# TASK STATEMENT
Your output should be every line below, copied exactly.

# SUPPLIED MATERIAL

lemma eventually_sums_F_coeff:
  assumes n: "0 < n" and \<alpha>: "\<forall>j::int. \<alpha> \<noteq> real_of_int j * pi"
  shows "\<forall>\<^sub>F z in nhds 0. (\<lambda>m. complex_of_real (F_coeff n \<alpha> m) * z ^ m) sums
           (of_nat n / (1 + z\<^sup>2) * (1 - z * cot (of_nat n * Arctan z - complex_of_real \<alpha>)))"
proof -
  define \<zeta> c \<tau> where "\<zeta> = exp (- 2 * pi * \<i> / of_nat n)"
    and "c = exp (- 2 * \<i> * of_real \<alpha> / of_nat n)" and "\<tau> = exp (- 2 * \<i> * of_real \<alpha>)"
  have "complex_of_real (cot ((\<alpha> + real k * pi) / real n)) = cayley (c * \<zeta> ^ k)" for k
  proof -
    have "- 2 * \<i> * complex_of_real ((\<alpha> + real k * pi) / real n)
        = - 2 * \<i> * of_real \<alpha> / of_nat n + of_nat k * (- 2 * pi * \<i> / of_nat n)"
      using n by (simp add: field_simps)
    then show ?thesis
      unfolding cot_of_real cot_eq_cayley c_def \<zeta>_def by (simp only: exp_add exp_of_nat_mult)
  qed
  then have coeff: "complex_of_real (F_coeff n \<alpha> m) = (\<Sum>k<n. cayley (c * \<zeta> ^ k) ^ m)" for m
    by (simp add: F_coeff_def)
  have c: "c ^ n = \<tau>"
    using n by (simp add: c_def \<tau>_def flip: exp_of_nat_mult)
  have "\<tau> \<noteq> 1"
  proof
    assume "\<tau> = 1"
    then obtain j :: int where "- 2 * \<alpha> = of_int (2 * j) * pi"
      unfolding \<tau>_def exp_eq_1 by auto
    then have "\<alpha> = real_of_int (- j) * pi" by (simp add: algebra_simps)
    with \<alpha> show False by blast
  qed
  moreover have "cot (of_nat n * Arctan z - of_real \<alpha>) = cayley (exp (- 2 * \<i> * (of_nat n * Arctan z)) / \<tau>)" for z
  proof -
    have "- 2 * \<i> * (of_nat n * Arctan z - of_real \<alpha>) = - 2 * \<i> * (of_nat n * Arctan z) - - 2 * \<i> * of_real \<alpha>"
      by (simp add: algebra_simps)
    then show ?thesis unfolding cot_eq_cayley \<tau>_def by (simp only: exp_diff)
  qed
  ultimately show ?thesis
    using eventually_sums_cayley_roots[OF exp_root_unity[OF n, folded \<zeta>_def] c] by (simp add: coeff \<tau>_def)
qed

lemma J_B_carrier: "x \<cdot>\<^sub>m J_mat n + B_mat n \<in> carrier_mat n n"
  unfolding J_mat_def B_mat_def by simp

lemma index_J_B:
  "i < n \<Longrightarrow> j < n \<Longrightarrow>
    (x \<cdot>\<^sub>m J_mat n + B_mat n) $$ (i, j) = x + \<i> * (if i < j then 1 else if j < i then -1 else 0)"
  unfolding J_mat_def B_mat_def by simp

lemma sum_sign_pow:
  fixes w :: complex
  assumes "l < n"
  shows "(\<Sum>j<n. (if l < j then 1 else if j < l then -1 else 0) * w ^ j)
           = (\<Sum>j<n. w ^ j) - w ^ l - 2 * (\<Sum>j<l. w ^ j)"
proof -
  have "(\<Sum>j<n. (if l < j then 1 else if j < l then -1 else 0) * w ^ j)
      = (\<Sum>j<n. w ^ j - (if j = l then w ^ l else 0) - 2 * (if j < l then w ^ j else 0))"
    by (intro sum.cong) auto
  also have "\<dots> = (\<Sum>j<n. w ^ j) - w ^ l - 2 * (\<Sum>j<n. if j < l then w ^ j else 0)"
    using assms by (simp add: sum_subtractf sum_distrib_left)
  also have "(\<Sum>j<n. if j < l then w ^ j else 0) = (\<Sum>j<l. w ^ j)"
    using assms by (intro sum.mono_neutral_cong_right) auto
  finally show ?thesis .
qed

lemma J_B_eigenvector:
  fixes x w :: complex
  assumes w: "w ^ n * (x + \<i>) = x - \<i>" "w \<noteq> 1" and l: "l < n"
  shows "(\<Sum>j<n. (x \<cdot>\<^sub>m J_mat n + B_mat n) $$ (l, j) * w ^ j) = cayley w * w ^ l"
proof -
  define G H where "G = (\<Sum>j<n. w ^ j)" and "H = (\<Sum>j<l. w ^ j)"
  have "(\<Sum>j<n. (x \<cdot>\<^sub>m J_mat n + B_mat n) $$ (l, j) * w ^ j)
      = x * G + \<i> * (\<Sum>j<n. (if l < j then 1 else if j < l then -1 else 0) * w ^ j)"
    using l by (simp add: G_def index_J_B sum.distrib sum_distrib_left algebra_simps)
  also have "\<dots> = x * G + \<i> * (G - w ^ l - 2 * H)"
    using l by (simp add: G_def H_def sum_sign_pow)
  finally have S: "(\<Sum>j<n. (x \<cdot>\<^sub>m J_mat n + B_mat n) $$ (l, j) * w ^ j) = x * G + \<i> * (G - w ^ l - 2 * H)" .
  have "(w - 1) * (x * G + \<i> * (G - w ^ l - 2 * H))
      = (x + \<i>) * ((w - 1) * G) - \<i> * w ^ l * (w - 1) - 2 * \<i> * ((w - 1) * H)"
    by (simp add: algebra_simps)
  also have "\<dots> = - \<i> * w ^ l * (w + 1)"
    using w(1) by (simp add: G_def H_def flip: power_diff_1_eq) (simp add: algebra_simps)
  finally have "(w - 1) * (x * G + \<i> * (G - w ^ l - 2 * H)) = - \<i> * w ^ l * (w + 1)" .
  moreover have "w - 1 \<noteq> 0" "1 - w \<noteq> 0" using w(2) by auto
  ultimately show ?thesis
    unfolding S cayley_def by (simp add: field_simps)
qed

lemma dvd_add_diff_iff_eq:
  fixes j l n :: nat
  assumes "j < n" "l < n"
  shows "n dvd j + n - l \<longleftrightarrow> j = l"
proof
  assume "n dvd j + n - l"
  then obtain q where q: "j + n - l = n * q" ..
  with assms have "0 < n * q" "n * q < n * 2" by linarith+
  then have "0 < q" "q < 2" by simp_all
  then have "q = 1" by simp
  with q have "j + n - l = n" by simp
  with assms show "j = l" by linarith
qed (use assms in simp)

# RESPONSE
lemma eventually_sums_F_coeff:
  assumes n: "0 < n" and \<alpha>: "\<forall>j::int. \<alpha> \<noteq> real_of_int j * pi"
  shows "\<forall>\<^sub>F z in nhds 0. (\<lambda>m. complex_of_real (F_coeff n \<alpha> m) * z ^ m) sums
           (of_nat n / (1 + z\<^sup>2) * (1 - z * cot (of_nat n * Arctan z - complex_of_real \<alpha>)))"
proof -
  define \<zeta> c \<tau> where "\<zeta> = exp (- 2 * pi * \<i> / of_nat n)"
    and "c = exp (- 2 * \<i> * of_real \<alpha> / of_nat n)" and "\<tau> = exp (- 2 * \<i> * of_real \<alpha>)"
  have "complex_of_real (cot ((\<alpha> + real k * pi) / real n)) = cayley (c * \<zeta> ^ k)" for k
  proof -
    have "- 2 * \<i> * complex_of_real ((\<alpha> + real k * pi) / real n)
        = - 2 * \<i> * of_real \<alpha> / of_nat n + of_nat k * (- 2 * pi * \<i> / of_nat n)"
      using n by (simp add: field_simps)
    then show ?thesis
      unfolding cot_of_real cot_eq_cayley c_def \<zeta>_def by (simp only: exp_add exp_of_nat_mult)
  qed
  then have coeff: "complex_of_real (F_coeff n \<alpha> m) = (\<Sum>k<n. cayley (c * \<zeta> ^ k) ^ m)" for m
    by (simp add: F_coeff_def)
  have c: "c ^ n = \<tau>"
    using n by (simp add: c_def \<tau>_def flip: exp_of_nat_mult)
  have "\<tau> \<noteq> 1"
  proof
    assume "\<tau> = 1"
    then obtain j :: int where "- 2 * \<alpha> = of_int (2 * j) * pi"
      unfolding \<tau>_def exp_eq_1 by auto
    then have "\<alpha> = real_of_int (- j) * pi" by (simp add: algebra_simps)
    with \<alpha> show False by blast
  qed
  moreover have "cot (of_nat n * Arctan z - of_real \<alpha>) = cayley (exp (- 2 * \<i> * (of_nat n * Arctan z)) / \<tau>)" for z
  proof -
    have "- 2 * \<i> * (of_nat n * Arctan z - of_real \<alpha>) = - 2 * \<i> * (of_nat n * Arctan z) - - 2 * \<i> * of_real \<alpha>"
      by (simp add: algebra_simps)
    then show ?thesis unfolding cot_eq_cayley \<tau>_def by (simp only: exp_diff)
  qed
  ultimately show ?thesis
    using eventually_sums_cayley_roots[OF exp_root_unity[OF n, folded \<zeta>_def] c] by (simp add: coeff \<tau>_def)
qed

lemma J_B_carrier: "x \<cdot>\<^sub>m J_mat n + B_mat n \<in> carrier_mat n n"
  unfolding J_mat_def B_mat_def by simp

lemma index_J_B:
  "i < n \<Longrightarrow> j < n \<Longrightarrow>
    (x \<cdot>\<^sub>m J_mat n + B_mat n) $$ (i, j) = x + \<i> * (if i < j then 1 else if j < i then -1 else 0)"
  unfolding J_mat_def B_mat_def by simp

lemma sum_sign_pow:
  fixes w :: complex
  assumes "l < n"
  shows "(\<Sum>j<n. (if l < j then 1 else if j < l then -1 else 0) * w ^ j)
           = (\<Sum>j<n. w ^ j) - w ^ l - 2 * (\<Sum>j<l. w ^ j)"
proof -
  have "(\<Sum>j<n. (if l < j then 1 else if j < l then -1 else 0) * w ^ j)
      = (\<Sum>j<n. w ^ j - (if j = l then w ^ l else 0) - 2 * (if j < l then w ^ j else 0))"
    by (intro sum.cong) auto
  also have "\<dots> = (\<Sum>j<n. w ^ j) - w ^ l - 2 * (\<Sum>j<n. if j < l then w ^ j else 0)"
    using assms by (simp add: sum_subtractf sum_distrib_left)
  also have "(\<Sum>j<n. if j < l then w ^ j else 0) = (\<Sum>j<l. w ^ j)"
    using assms by (intro sum.mono_neutral_cong_right) auto
  finally show ?thesis .
qed

lemma J_B_eigenvector:
  fixes x w :: complex
  assumes w: "w ^ n * (x + \<i>) = x - \<i>" "w \<noteq> 1" and l: "l < n"
  shows "(\<Sum>j<n. (x \<cdot>\<^sub>m J_mat n + B_mat n) $$ (l, j) * w ^ j) = cayley w * w ^ l"
proof -
  define G H where "G = (\<Sum>j<n. w ^ j)" and "H = (\<Sum>j<l. w ^ j)"
  have "(\<Sum>j<n. (x \<cdot>\<^sub>m J_mat n + B_mat n) $$ (l, j) * w ^ j)
      = x * G + \<i> * (\<Sum>j<n. (if l < j then 1 else if j < l then -1 else 0) * w ^ j)"
    using l by (simp add: G_def index_J_B sum.distrib sum_distrib_left algebra_simps)
  also have "\<dots> = x * G + \<i> * (G - w ^ l - 2 * H)"
    using l by (simp add: G_def H_def sum_sign_pow)
  finally have S: "(\<Sum>j<n. (x \<cdot>\<^sub>m J_mat n + B_mat n) $$ (l, j) * w ^ j) = x * G + \<i> * (G - w ^ l - 2 * H)" .
  have "(w - 1) * (x * G + \<i> * (G - w ^ l - 2 * H))
      = (x + \<i>) * ((w - 1) * G) - \<i> * w ^ l * (w - 1) - 2 * \<i> * ((w - 1) * H)"
    by (simp add: algebra_simps)
  also have "\<dots> = - \<i> * w ^ l * (w + 1)"
    using w(1) by (simp add: G_def H_def flip: power_diff_1_eq) (simp add: algebra_simps)
  finally have "(w - 1) * (x * G + \<i> * (G - w ^ l - 2 * H)) = - \<i> * w ^ l * (w + 1)" .
  moreover have "w - 1 \<noteq> 0" "1 - w \<noteq> 0" using w(2) by auto
  ultimately show ?thesis
    unfolding S cayley_def by (simp add: field_simps)
qed

lemma dvd_add_diff_iff_eq:
  fixes j l n :: nat
  assumes "j < n" "l < n"
  shows "n dvd j + n - l \<longleftrightarrow> j = l"
proof
  assume "n dvd j + n - l"
  then obtain q where q: "j + n - l = n * q" ..
  with assms have "0 < n * q" "n * q < n * 2" by linarith+
  then have "0 < q" "q < 2" by simp_all
  then have "q = 1" by simp
  with q have "j + n - l = n" by simp
  with assms show "j = l" by linarith
qed (use assms in simp)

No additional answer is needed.